Of course, Trigonometry is a branch of mathematics that all of us dread. However, if we learn the basics well, it will not be a source of much concern.

In trigonometry, there are six functions of an angle that we use very often. Sine (sin), cosine (cos), tangent (tan), cotangent (cot), secant (sec), and cosecant (cosec) are their names and acronyms. The image depicts these six trigonometric functions in respect to a right triangle.

**SOHCAHTOA meaning**

The word ‘SOHCAHTOA’ might sound meaningless at first. But, when you learn its use, you will use it very often. In fact, SOHCAHTOA is a mnemonic used to keep in mind the three basic trigonometric functions sine, cosine and tangent.

We use the concepts of the 3 main trig functions sine, cosine, and tangent as a learning aid. People commonly pronounce it like “soaka towa” when they speak about it.

So, here we shall explain what Socahtoa really stands for:

** S**ine =

**pposite over**

__O__**ypotenuse.**

__H__** C**osine =

**djacent over**

__A__**ypotenuse.**

__H__** T**angent =

**pposite over**

__O__**djacent.**

__A__Initially, when we begin with trigonometry, getting used to what each function stands for, takes some time.

So, in a way, Sohcahtoa is a very useful device.
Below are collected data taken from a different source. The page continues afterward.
(* Let $G=(\mathcal{S},\mathbb{A})$ be a finite directed acyclic graph with a unique initial state $s_0\in\mathcal{S}$ having no incoming edges, such that every state is reachable from $s_0$. Let $\mathcal{X}\subset\mathcal{S}$ be the set of terminal states (states with no outgoing edges), and assume $\mathcal{X}\neq\emptyset$. Let $\mathcal{E}:\mathcal{S}\to\mathbb{R}$ be an energy function defined on all states, and for an edge $(s\to s')\in\mathbb{A}$ put $\mathcal{E}(s\to s')=\mathcal{E}(s')-\mathcal{E}(s)$. The reward of a terminal state $x$ is $R(x)=e^{-\mathcal{E}(x)}$. Let $P_F$ be a forward policy, i.e. for each nonterminal $s$ a probability distribution $P_F(\cdot\mid s)$ on the children of $s$; let $P_B$ be a backward policy, i.e. for each $s'\neq s_0$ a probability distribution $P_B(\cdot\mid s')$ on the parents of $s'$; and let $\widetilde F:\mathcal{S}\to(0,\infty)$ (the forward-looking flow) satisfy $\widetilde F(x)=1$ for every $x\in\mathcal{X}$. Suppose that for every edge $(s\to s')\in\mathbb{A}$ the FL-DB loss $$\mathcal{L}(s,s')=\Big(\log\widetilde F(s)+\log P_F(s'\mid s)-\log\widetilde F(s')-\log P_B(s\mid s')+\mathcal{E}(s\to s')\Big)^2$$ vanishes, i.e. $\widetilde F(s)P_F(s'\mid s)=\widetilde F(s')P_B(s\mid s')e^{-\mathcal{E}(s\to s')}$. Then $P_F$ samples terminal states proportionally to the reward: for every $x\in\mathcal{X}$, $$P_F^\top(x)=\frac{e^{-\mathcal{E}(x)}}{\sum_{y\in\mathcal{X}}e^{-\mathcal{E}(y)}},$$ where $P_F^\top(x)=\sum_{\tau=(s_0\to s_1\to\cdots\to s_n=x)}\prod_{i=1}^n P_F(s_i\mid s_{i-1})$ is the probability that a trajectory started at $s_0$ and following $P_F$ until reaching a terminal state ends at $x$ (the sum is over all complete trajectories, i.e. directed paths in $G$ from $s_0$ to $x$).
   Context: This is the correctness statement for "forward-looking GFlowNets". The forward-looking flow $\widetilde F$ is intended to represent $e^{\mathcal{E}(s)}F(s)$, where $F$ is an ordinary GFlowNet state flow; at terminal states the ordinary flow equals the reward $e^{-\mathcal{E}(x)}$, which corresponds to the normalization $\widetilde F(x)=1$ for $x\in\mathcal{X}$. *)

theory Defs
  imports Complex_Main
begin

definition is_path :: "('a \<times> 'a) set \<Rightarrow> 'a list \<Rightarrow> bool" where
  "is_path E xs \<longleftrightarrow> xs \<noteq> [] \<and> (\<forall>i < length xs - 1. (xs ! i, xs ! Suc i) \<in> E)"

definition trajectories :: "('a \<times> 'a) set \<Rightarrow> 'a \<Rightarrow> 'a \<Rightarrow> 'a list set" where
  "trajectories E s0 x = {xs. is_path E xs \<and> hd xs = s0 \<and> last xs = x}"

text \<open>Probability of a trajectory under PF, where PF s s' = P_F(s' | s).\<close>
definition path_prob :: "('a \<Rightarrow> 'a \<Rightarrow> real) \<Rightarrow> 'a list \<Rightarrow> real" where
  "path_prob PF xs = (\<Prod>i < length xs - 1. PF (xs ! i) (xs ! Suc i))"

definition term_prob :: "('a \<times> 'a) set \<Rightarrow> 'a \<Rightarrow> ('a \<Rightarrow> 'a \<Rightarrow> real) \<Rightarrow> 'a \<Rightarrow> real" where
  "term_prob E s0 PF x = (\<Sum>xs \<in> trajectories E s0 x. path_prob PF xs)"

definition terminal_states :: "'a set \<Rightarrow> ('a \<times> 'a) set \<Rightarrow> 'a set" where
  "terminal_states S E = {s \<in> S. \<not> (\<exists>s'. (s, s') \<in> E)}"

end

theory Submission
  imports Defs
begin

text \<open>Rescaling by the reward turns the forward-looking flow into an ordinary one:
\<open>F s = Ft s * exp (- En s)\<close> satisfies the plain detailed-balance equations
\<open>F s * PF s s' = F s' * PB s' s\<close>. Summing these over the parents of a state and
using that \<open>PB\<close> is a distribution shows, by induction along the acyclic graph, that
the probability of reaching \<open>s\<close> from \<open>s0\<close> is \<open>F s / F s0\<close>. Counting the edge flows
once by their sources and once by their targets shows that \<open>F s0\<close> equals the total
flow into terminal states, which is the sum of the rewards since \<open>Ft = 1\<close> there.\<close>

lemma is_path_snoc:
  assumes "xs \<noteq> []"
  shows "is_path E (xs @ [y]) \<longleftrightarrow> is_path E xs \<and> (last xs, y) \<in> E"
proof -
  obtain n where n: "length xs = Suc n" using assms by (cases xs) auto
  have "is_path E (xs @ [y]) \<longleftrightarrow> (\<forall>i < Suc n. ((xs @ [y]) ! i, (xs @ [y]) ! Suc i) \<in> E)"
    using n by (simp add: is_path_def)
  also have "\<dots> \<longleftrightarrow> (xs ! n, y) \<in> E \<and> (\<forall>i < n. (xs ! i, xs ! Suc i) \<in> E)"
    unfolding All_less_Suc using n by (simp add: nth_append)
  also have "\<dots> \<longleftrightarrow> is_path E xs \<and> (last xs, y) \<in> E"
    using n assms by (auto simp: is_path_def last_conv_nth)
  finally show ?thesis .
qed

lemma path_prob_snoc:
  assumes "xs \<noteq> []"
  shows "path_prob PF (xs @ [y]) = path_prob PF xs * PF (last xs) y"
proof -
  obtain n where n: "length xs = Suc n" using assms by (cases xs) auto
  have "path_prob PF (xs @ [y]) = PF (xs ! n) y * (\<Prod>i < n. PF (xs ! i) (xs ! Suc i))"
    unfolding path_prob_def using n by (simp add: prod.lessThan_Suc nth_append)
  then show ?thesis using n assms by (simp add: path_prob_def last_conv_nth)
qed

lemma trajectories_start:
  assumes "\<forall>s. (s, s0) \<notin> E"
  shows "trajectories E s0 s0 = {[s0]}"
proof (intro equalityI subsetI)
  fix xs assume xs: "xs \<in> trajectories E s0 s0"
  then have "xs \<noteq> []" by (simp add: trajectories_def is_path_def)
  then obtain ys where ys: "xs = ys @ [s0]"
    using xs by (cases xs rule: rev_exhaust) (auto simp: trajectories_def)
  have "ys = []"
  proof (rule ccontr)
    assume "ys \<noteq> []"
    then have "(last ys, s0) \<in> E" using xs ys by (simp add: trajectories_def is_path_snoc)
    then show False using assms by blast
  qed
  then show "xs \<in> {[s0]}" using ys by simp
qed (simp add: trajectories_def is_path_def)

lemma trajectories_snoc:
  assumes "s \<noteq> s0"
  shows "trajectories E s0 s = (\<lambda>xs. xs @ [s]) ` (\<Union>p \<in> {p. (p, s) \<in> E}. trajectories E s0 p)"
proof (intro equalityI subsetI)
  fix xs assume xs: "xs \<in> trajectories E s0 s"
  then have "xs \<noteq> []" by (simp add: trajectories_def is_path_def)
  then obtain ys where ys: "xs = ys @ [s]"
    using xs by (cases xs rule: rev_exhaust) (auto simp: trajectories_def)
  have "ys \<noteq> []" using xs ys assms by (auto simp: trajectories_def)
  then have "ys \<in> trajectories E s0 (last ys)" "(last ys, s) \<in> E"
    using xs ys by (auto simp: trajectories_def is_path_snoc)
  then show "xs \<in> (\<lambda>xs. xs @ [s]) ` (\<Union>p \<in> {p. (p, s) \<in> E}. trajectories E s0 p)"
    using ys by (auto intro!: image_eqI)
next
  fix xs assume "xs \<in> (\<lambda>xs. xs @ [s]) ` (\<Union>p \<in> {p. (p, s) \<in> E}. trajectories E s0 p)"
  then obtain ys p where "xs = ys @ [s]" "(p, s) \<in> E" "ys \<in> trajectories E s0 p" by blast
  moreover from this have "ys \<noteq> []" by (simp add: trajectories_def is_path_def)
  ultimately show "xs \<in> trajectories E s0 s"
    unfolding trajectories_def by (auto simp: is_path_snoc)
qed

lemma finite_parents:
  assumes "finite E"
  shows "finite {p. (p, s) \<in> E}"
proof -
  have "{p. (p, s) \<in> E} \<subseteq> fst ` E" by force
  then show ?thesis using assms finite_subset by blast
qed

lemma finite_trajectories:
  assumes "finite E" "acyclic E" "\<forall>s. (s, s0) \<notin> E"
  shows "finite (trajectories E s0 s)"
  using finite_acyclic_wf[OF assms(1,2)]
proof (induction s rule: wf_induct_rule)
  case (less s)
  show ?case
  proof (cases "s = s0")
    case True
    then show ?thesis by (simp add: trajectories_start[OF assms(3)])
  next
    case False
    then show ?thesis
      using less finite_parents[OF assms(1)] by (simp add: trajectories_snoc)
  qed
qed

lemma term_prob_start:
  assumes "\<forall>s. (s, s0) \<notin> E"
  shows "term_prob E s0 PF s0 = 1"
  by (simp add: term_prob_def trajectories_start[OF assms] path_prob_def)

lemma term_prob_snoc:
  assumes "finite E" "acyclic E" "\<forall>s. (s, s0) \<notin> E" and "s \<noteq> s0"
  shows "term_prob E s0 PF s = (\<Sum>p \<in> {p. (p, s) \<in> E}. term_prob E s0 PF p * PF p s)"
proof -
  let ?P = "{p. (p, s) \<in> E}"
  have "term_prob E s0 PF s = (\<Sum>xs \<in> (\<Union>p \<in> ?P. trajectories E s0 p). path_prob PF (xs @ [s]))"
    unfolding term_prob_def trajectories_snoc[OF assms(4)]
    by (rule sum.reindex_cong[where l = "\<lambda>xs. xs @ [s]"]) (auto intro: inj_onI)
  also have "\<dots> = (\<Sum>p \<in> ?P. \<Sum>xs \<in> trajectories E s0 p. path_prob PF (xs @ [s]))"
    using finite_parents[OF assms(1)] finite_trajectories[OF assms(1-3)]
    by (intro sum.UNION_disjoint) (auto simp: trajectories_def)
  also have "\<dots> = (\<Sum>p \<in> ?P. \<Sum>xs \<in> trajectories E s0 p. path_prob PF xs * PF p s)"
    by (intro sum.cong refl)
      (auto simp: trajectories_def is_path_def path_prob_snoc)
  finally show ?thesis by (simp add: term_prob_def sum_distrib_right)
qed

lemma term_prob_detailed_balance:
  fixes F :: "'a \<Rightarrow> real"
  assumes fin: "finite E" and sub: "E \<subseteq> S \<times> S" and acyc: "acyclic E"
    and init: "\<forall>s. (s, s0) \<notin> E" and F_s0: "F s0 \<noteq> 0"
    and DB: "\<forall>(p, s) \<in> E. F p * PF p s = F s * PB s p"
    and PB_sum: "\<forall>s \<in> S - {s0}. (\<Sum>p \<in> {p. (p, s) \<in> E}. PB s p) = 1"
  shows "s \<in> S \<Longrightarrow> term_prob E s0 PF s = F s / F s0"
  using finite_acyclic_wf[OF fin acyc]
proof (induction s rule: wf_induct_rule)
  case (less s)
  show ?case
  proof (cases "s = s0")
    case True
    then show ?thesis using F_s0 by (simp add: term_prob_start[OF init])
  next
    case False
    have "term_prob E s0 PF s = (\<Sum>p \<in> {p. (p, s) \<in> E}. F p / F s0 * PF p s)"
      unfolding term_prob_snoc[OF fin acyc init False]
      using less.IH sub by (intro sum.cong) auto
    also have "\<dots> = (\<Sum>p \<in> {p. (p, s) \<in> E}. F s * PB s p / F s0)"
      using DB by (intro sum.cong) auto
    also have "\<dots> = F s * (\<Sum>p \<in> {p. (p, s) \<in> E}. PB s p) / F s0"
      by (simp add: sum_distrib_left sum_divide_distrib)
    finally show ?thesis using PB_sum less.prems False by simp
  qed
qed

lemma flow_initial_eq_terminal_sum:
  fixes F :: "'a \<Rightarrow> real"
  assumes fin: "finite S" and sub: "E \<subseteq> S \<times> S" and s0: "s0 \<in> S"
    and init: "\<forall>s. (s, s0) \<notin> E"
    and DB: "\<forall>(p, s) \<in> E. F p * PF p s = F s * PB s p"
    and PF_sum: "\<forall>s \<in> S - terminal_states S E. (\<Sum>s' \<in> {s'. (s, s') \<in> E}. PF s s') = 1"
    and PB_sum: "\<forall>s \<in> S - {s0}. (\<Sum>p \<in> {p. (p, s) \<in> E}. PB s p) = 1"
  shows "F s0 = sum F (terminal_states S E)"
proof -
  let ?T = "terminal_states S E"
  have children: "{s. (p, s) \<in> E} = {s \<in> S. (p, s) \<in> E}" for p using sub by blast
  have parents: "{p. (p, s) \<in> E} = {p \<in> S. (p, s) \<in> E}" for s using sub by blast
  have outflow: "(\<Sum>s \<in> {s \<in> S. (p, s) \<in> E}. F p * PF p s) = (if p \<notin> ?T then F p else 0)"
    if "p \<in> S" for p
  proof (cases "p \<in> ?T")
    case True
    then have no_children: "{s \<in> S. (p, s) \<in> E} = {}" by (auto simp: terminal_states_def)
    show ?thesis unfolding no_children using True by simp
  next
    case False
    then show ?thesis
      using PF_sum that by (simp add: children sum_distrib_left[symmetric])
  qed
  have inflow: "(\<Sum>p \<in> {p \<in> S. (p, s) \<in> E}. F p * PF p s) = (if s \<noteq> s0 then F s else 0)"
    if "s \<in> S" for s
  proof (cases "s = s0")
    case True
    then show ?thesis using init by simp
  next
    case False
    have "(\<Sum>p \<in> {p \<in> S. (p, s) \<in> E}. F p * PF p s) = F s * (\<Sum>p \<in> {p. (p, s) \<in> E}. PB s p)"
      unfolding parents sum_distrib_left using DB by (intro sum.cong) auto
    then show ?thesis using PB_sum that False by simp
  qed
  have "sum F (S - ?T) = (\<Sum>p \<in> S. \<Sum>s \<in> {s \<in> S. (p, s) \<in> E}. F p * PF p s)"
    using fin outflow by (simp add: set_diff_eq sum.inter_filter)
  also have "\<dots> = (\<Sum>s \<in> S. \<Sum>p \<in> {p \<in> S. (p, s) \<in> E}. F p * PF p s)"
    using fin fin by (rule sum.swap_restrict)
  also have "\<dots> = sum F (S - {s0})"
    using fin inflow by (simp add: set_diff_eq sum.inter_filter)
  finally have "sum F S - sum F ?T = sum F S - F s0"
    using fin s0 by (simp add: sum_diff terminal_states_def sum_diff1)
  then show ?thesis by simp
qed

lemma forward_looking_detailed_balance:
  fixes Ft En :: "'a \<Rightarrow> real"
  assumes "Ft s * PF s s' = Ft s' * PB s' s * exp (- (En s' - En s))"
  shows "Ft s * exp (- En s) * PF s s' = Ft s' * exp (- En s') * PB s' s"
proof -
  have "exp (- (En s' - En s)) * exp (- En s) = exp (- En s')"
    by (simp add: exp_add[symmetric])
  then show ?thesis using arg_cong[OF assms, of "\<lambda>t. t * exp (- En s)"]
    by (simp add: algebra_simps)
qed

theorem proposition4p2:
  fixes S :: "'a set" and E :: "('a \<times> 'a) set" and s0 :: 'a
    and En :: "'a \<Rightarrow> real"
    and PF :: "'a \<Rightarrow> 'a \<Rightarrow> real"   \<comment> \<open>PF s s' = P_F(s' | s)\<close>
    and PB :: "'a \<Rightarrow> 'a \<Rightarrow> real"   \<comment> \<open>PB s' s = P_B(s | s')\<close>
    and Ft :: "'a \<Rightarrow> real"
  assumes finS: "finite S"
    and E_sub: "E \<subseteq> S \<times> S"
    and acyc: "acyclic E"
    and s0_in: "s0 \<in> S"
    and s0_init: "\<forall>s. (s, s0) \<notin> E"
    and reach: "\<forall>s \<in> S. (s0, s) \<in> E\<^sup>*"
    and X_ne: "terminal_states S E \<noteq> {}"
    and PF_nonneg: "\<forall>s s'. (s, s') \<in> E \<longrightarrow> PF s s' \<ge> 0"
    and PF_sum: "\<forall>s \<in> S - terminal_states S E. (\<Sum>s' \<in> {s'. (s, s') \<in> E}. PF s s') = 1"
    and PB_nonneg: "\<forall>s s'. (s, s') \<in> E \<longrightarrow> PB s' s \<ge> 0"
    and PB_sum: "\<forall>s' \<in> S - {s0}. (\<Sum>s \<in> {s. (s, s') \<in> E}. PB s' s) = 1"
    and Ft_pos: "\<forall>s \<in> S. Ft s > 0"
    and Ft_term: "\<forall>x \<in> terminal_states S E. Ft x = 1"
    and FLDB: "\<forall>(s, s') \<in> E. Ft s * PF s s' = Ft s' * PB s' s * exp (- (En s' - En s))"
  shows "\<forall>x \<in> terminal_states S E.
           term_prob E s0 PF x = exp (- En x) / (\<Sum>y \<in> terminal_states S E. exp (- En y))"
proof -
  define F where "F s = Ft s * exp (- En s)" for s
  have fin_E: "finite E"
    using finite_subset[OF E_sub] finS by blast
  have DB: "\<forall>(p, s) \<in> E. F p * PF p s = F s * PB s p"
    using FLDB forward_looking_detailed_balance[of Ft] by (fastforce simp: F_def)
  have F_s0: "F s0 = (\<Sum>y \<in> terminal_states S E. exp (- En y))"
    unfolding flow_initial_eq_terminal_sum[OF finS E_sub s0_in s0_init DB PF_sum PB_sum]
    using Ft_term by (intro sum.cong) (auto simp: F_def)
  have "F s0 \<noteq> 0"
    using Ft_pos s0_in by (fastforce simp: F_def)
  show ?thesis
  proof
    fix x assume x: "x \<in> terminal_states S E"
    then have "term_prob E s0 PF x = F x / F s0"
      using term_prob_detailed_balance[OF fin_E E_sub acyc s0_init \<open>F s0 \<noteq> 0\<close> DB PB_sum]
      by (simp add: terminal_states_def)
    moreover have "F x = exp (- En x)"
      using Ft_term x by (simp add: F_def)
    ultimately show "term_prob E s0 PF x = exp (- En x) / (\<Sum>y \<in> terminal_states S E. exp (- En y))"
      by (simp only: F_s0)
  qed
qed

end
Thus, anyone who wants to learn proper trigonometry must give this a try.

However, it is based on the AA Similarity Postulate. It said that the lengths of two sides of comparable right triangles have the same ratio. As a result, the sets of ratios are defined solely by the acute angle’s value instead of the triangle’s size.

**SOHCAHTOA full form**

SOHCAHTOA is a mnemonic device used in mathematics to assist students remember the three main functions of trigonometry: cosine, sine and tangent.

In trigonometry, the three major functions are sine, cosine, and tangent. Of course, all of these are built on ratios seen in a right triangle. However, w e need to define a right triangle before we can analyze which ratios fit for a particular function.

The side opposite to the angle in issue is called opposite. And, the side next to the angle is called adjacent. Finally, the hypotenuse is the biggest side of a right triangle. The hypotenuse always runs reverse to the right angle.

You can get the sin, cos, and tan values of a right triangle by using the following ratios:

The side opposing the angle divided by the hypotenuse equals the sine of an angle.

The side next to the angle divided by the hypotenuse is equal to the cosine of the angle.

An angle’s tangent equals the angle’s opposite side divided by the angle’s adjacent side.

So, as we can judge, the full form of SOHCAHTOA is:

** S**ine =

**pposite over**

__O__**ypotenuse.**

__H__** C**osine =

**djacent over**

__A__**ypotenuse.**

__H__** T**angent =

**pposite over**

__O__**djacent.**

__A__You can solve almost any problem that involves finding the side length or angle value of a right triangle using these facts. SohCahToa can assure that you will not make an error.

**SOHCAHTOA calculator**

You can find a trigonometry calculator online very easily. And, you can use them because they will surely give you accurate results. Further, the calculator shall save a lot of your time. Of course, using your mind to calculate the trig values can be quite tiring and lengthy. So, use this instead to get the sum going. Further, it gives the result in just a few seconds. So, it would be wise to use the online calculator for this purpose.

Firstly, enter the value of the angle between any two sides in the given box.

Secondly, fix the units in which you shall write the measures of the sides of the triangle.

Thirdly, go ahead and fill the values of the sides in these boxes, as per requirement.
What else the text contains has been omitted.